Ketika Estella mengetahui bahwa dirinya terpilih sebagai salah satu penerima manfaat 4P, ia terkejut karena program tersebut akan memberikan bantuan langsung melalui hibah tunai.
“Kami berusaha keras untuk memaksimalkan uang yang kami terima dengan menginvestasikannya dalam modal kami dan kami berusaha membayar kembali kepada pemerintah sebagai imbalan atas bantuan yang telah mereka berikan kepada kami,” jelas Estrella.
4P juga mengajarkan Estrella tentang pentingnya menjadi sukarelawan serta menghadapi berbagai jenis orang.
Kepada keluarga Atienza, bengkok hanyalah sebagian kecil dari perjalanan hidup mereka. Dari anggaran mingguan P20 yang sedikit, hibah tunai membantu mereka memulai bisnis jual beli.
“Hidup sebagai (keluarga) miskin adalah sebuah tantangan bagaimana kita mengatasinya, tentang bagaimana kita bisa terbebas, tentang bagaimana kita mengetahui sendiri bahwa kemiskinan tidak akan menjadi tanda permanen bagi kita jika kita berusaha semaksimal mungkin untuk tidak melakukannya. ,’ Estrella berbagi.
Maju kedepan
Untuk meraih juara 1 dan penyuntingan terbaik, Universitas Politeknik Filipina’ “Bebek” menerima P70, 000. De La Salle College of St.

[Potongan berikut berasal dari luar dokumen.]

lemma orthonormal_append:
  assumes E: "orthonormal m E" and e: "ip e e = 1" and perp: "\<forall>k<m. ip e (E k) = 0"
  shows "orthonormal (Suc m) (E(m := e))"
proof -
  have perp': "ip (E k) e = 0" if "k < m" for k
    using perp that ip_conj_sym[of "E k" e] by simp
  show ?thesis
    using E e perp perp' unfolding orthonormal_def by (auto simp: less_Suc_eq)
qed

lemma orthonormal_extend:
  assumes E: "orthonormal m E"
  obtains m' E' where "orthonormal m' E'"
    and "\<And>v. \<forall>k<m'. ip v (E' k) = 0 \<Longrightarrow> (\<forall>k<m. ip v (E k) = 0) \<and> ip v x = 0"
proof (cases "x = proj m E x")
  case True
  show ?thesis
  proof (rule that[OF E])
    fix v assume "\<forall>k<m. ip v (E k) = 0"
    then show "(\<forall>k<m. ip v (E k) = 0) \<and> ip v x = 0"
      using ip_proj_orthogonal True by metis
  qed
next
  case False
  define r where "r = x - proj m E x"
  have r: "r \<noteq> 0"
    using False by (simp add: r_def)
  have r_perp: "\<forall>k<m. ip r (E k) = 0"
    using residual_orthogonal[OF E] by (simp add: r_def)
  have "ip (hnormalize r) (hnormalize r) = 1"
    using ip_self_hnorm[of "hnormalize r"] hnorm_normalize[OF r] by simp
  moreover have "\<forall>k<m. ip (hnormalize r) (E k) = 0"
    using r_perp by (simp add: ip_normalize_left)
  ultimately have E': "orthonormal (Suc m) (E(m := hnormalize r))"
    by (rule orthonormal_append[OF E])
  show ?thesis
  proof (rule that[OF E'])
    fix v assume v: "\<forall>k<Suc m. ip v ((E(m := hnormalize r)) k) = 0"
    then have vE: "\<forall>k<m. ip v (E k) = 0"
      by (metis fun_upd_other less_Suc_eq nat_neq_iff)
    have "ip v (hnormalize r) = 0"
      using v by (metis fun_upd_same lessI)
    then have "ip v r = 0"
      using arg_cong[OF scale_normalize[OF r], of "ip v"] by (simp add: ip_scale_right)
    moreover have "ip v x = ip v r + ip v (proj m E x)"
      using ip_add_right[of v r "proj m E x"] by (simp add: r_def)
    ultimately have "ip v x = 0"
      using ip_proj_orthogonal[OF vE, of x] by simp
    with vE show "(\<forall>k<m. ip v (E k) = 0) \<and> ip v x = 0"
      by blast
  qed
qed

Benilde”Ada harapan”, yang meraih Juara 2 dan Penghargaan Pilihan Rakyat, membawa pulang P65.000. Sementara itu, Lyceum Universitas “Bente” diberi P40,000 untuk juara 3 dan penceritaan terbaik.
Di penghujung penghargaan, DSWD juga secara resmi meluncurkan kompetisi pembuatan dokumenter tahun 2014. Direktur DSWD Joel Espejo mengatakan DSWD akan menggunakan video tersebut untuk melibatkan akademi dan generasi muda dalam memahami program perlindungan sosial pemerintah.
Rodora Babaran, direktur 4P, mengatakan bahwa program ini kini mendekati target 4,3 juta rumah tangga pada tahun 2016.
“Pada bulan Januari 2014, temuan ini menunjukkan dampak yang kuat dari 4P terhadap hasil yang berkaitan dengan pendidikan, kesehatan dan perubahan konsumsi rumah tangga,” DSWD berbagi.
DSWD menambahkan bahwa tantangan bagi pemerintah adalah mempertahankan perbaikan tersebut dalam kehidupan rumah tangga. Target tahun 2016 harus tercapai dan rumah tangga yang ikut dalam program ini harus terus berusaha memenuhi persyaratan tersebut. – Rappler.com
Untuk mempelajari lebih lanjut tentang bagaimana pemerintah membantu masyarakat miskin, kunjungi DSWD Situs web Keluarga Pantawid.